(* Let $(Z_n)_{n\ge0}$ be a linear fractional Galton–Watson process in i.i.d. random environment (as in the context) which is subcritical, i.e. $R^{(-1)}_\infty<\infty=R_\infty$ a.s. Then $$\Pi_n\,\mathbf{P}^{(n:1)}(Z_n>0)=\frac{1}{\mathbf{E}^{(n:1)}(Z_n\mid Z_n>0)}\ \xrightarrow{n\to\infty}\ \frac{1}{1+R^{(-1)}_\infty}\quad\text{a.s.},$$ and $$\Big\|\mathbf{P}^{(n:1)}(Z_n\in\cdot\mid Z_n>0)-\mathrm{Geom}_+\Big(\frac{1}{1+R^{(-1)}_\infty}\Big)\Big\|\ \xrightarrow{n\to\infty}\ 0\quad\text{a.s.},$$ where $\|\cdot\|$ is the total variation norm.
   Context: Let $(A_n,B_n)_{n\ge1}$ be i.i.d. copies of $(A,B)$ with $\mathbb{P}(A>0,B>0,A+B\ge1)=1$; $e_n=(A_n,B_n)$, $\mathbf{e}=(e_n)_{n\ge1}$. For $a,b>0$, $a+b\ge1$, $LF(a,b)$ is the distribution on $\mathbb{N}_0$ whose generating function $f$ satisfies $1/(1-f(s))=a/(1-s)+b$ for $s\in[0,1)$; equivalently $LF(a,b)=\frac{a+b-1}{a+b}\delta_0+\frac{1}{a+b}\mathrm{Geom}_+(\frac{a}{a+b})$, where $\mathrm{Geom}_+(p)$ is the geometric law on $\{1,2,\dots\}$ with weights $p(1-p)^{k-1}$. $(Z_n)_{n\ge0}$, $Z_0=1$, is a Galton–Watson process in random environment: given $\mathbf{e}$, each individual of generation $n-1$ independently has offspring distribution $LF(A_n,B_n)$. $\Pi_0=1$, $\Pi_n=\prod_{k=1}^nA_k$, $R_n=\sum_{k=1}^n\Pi_{k-1}B_k$, $R_\infty=\lim R_n$, $R^{(-1)}_n=\sum_{k=1}^n\Pi_k^{-1}B_k$, $R^{(-1)}_\infty=\lim R^{(-1)}_n$. $\mathbf{P}^{(n:1)},\mathbf{E}^{(n:1)}$ denote the quenched probability/expectation for the process run in the reversed environment $(e_n,e_{n-1},\dots,e_1)$ up to time $n$, i.e. given $(e_1,\dots,e_n)$, individuals of generation $k-1$ ($1\le k\le n$) have offspring law $LF(A_{n-k+1},B_{n-k+1})$. *)

theory Defs
  imports "HOL-Probability.Probability"
begin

PROMPT:
Lines that contain the string "frac" should be copied from the material above.

WRITTEN SOLUTION:
(* Let $(Z_n)_{n\ge0}$ be a linear fractional Galton–Watson process in i.i.d. random environment (as in the context) which is subcritical, i.e. $R^{(-1)}_\infty<\infty=R_\infty$ a.s. Then $$\Pi_n\,\mathbf{P}^{(n:1)}(Z_n>0)=\frac{1}{\mathbf{E}^{(n:1)}(Z_n\mid Z_n>0)}\ \xrightarrow{n\to\infty}\ \frac{1}{1+R^{(-1)}_\infty}\quad\text{a.s.},$$ and $$\Big\|\mathbf{P}^{(n:1)}(Z_n\in\cdot\mid Z_n>0)-\mathrm{Geom}_+\Big(\frac{1}{1+R^{(-1)}_\infty}\Big)\Big\|\ \xrightarrow{n\to\infty}\ 0\quad\text{a.s.},$$ where $\|\cdot\|$ is the total variation norm.
   Context: Let $(A_n,B_n)_{n\ge1}$ be i.i.d. copies of $(A,B)$ with $\mathbb{P}(A>0,B>0,A+B\ge1)=1$; $e_n=(A_n,B_n)$, $\mathbf{e}=(e_n)_{n\ge1}$. For $a,b>0$, $a+b\ge1$, $LF(a,b)$ is the distribution on $\mathbb{N}_0$ whose generating function $f$ satisfies $1/(1-f(s))=a/(1-s)+b$ for $s\in[0,1)$; equivalently $LF(a,b)=\frac{a+b-1}{a+b}\delta_0+\frac{1}{a+b}\mathrm{Geom}_+(\frac{a}{a+b})$, where $\mathrm{Geom}_+(p)$ is the geometric law on $\{1,2,\dots\}$ with weights $p(1-p)^{k-1}$. $(Z_n)_{n\ge0}$, $Z_0=1$, is a Galton–Watson process in random environment: given $\mathbf{e}$, each individual of generation $n-1$ independently has offspring distribution $LF(A_n,B_n)$. $\Pi_0=1$, $\Pi_n=\prod_{k=1}^nA_k$, $R_n=\sum_{k=1}^n\Pi_{k-1}B_k$, $R_\infty=\lim R_n$, $R^{(-1)}_n=\sum_{k=1}^n\Pi_k^{-1}B_k$, $R^{(-1)}_\infty=\lim R^{(-1)}_n$. $\mathbf{P}^{(n:1)},\mathbf{E}^{(n:1)}$ denote the quenched probability/expectation for the process run in the reversed environment $(e_n,e_{n-1},\dots,e_1)$ up to time $n$, i.e. given $(e_1,\dots,e_n)$, individuals of generation $k-1$ ($1\le k\le n$) have offspring law $LF(A_{n-k+1},B_{n-k+1})$. *)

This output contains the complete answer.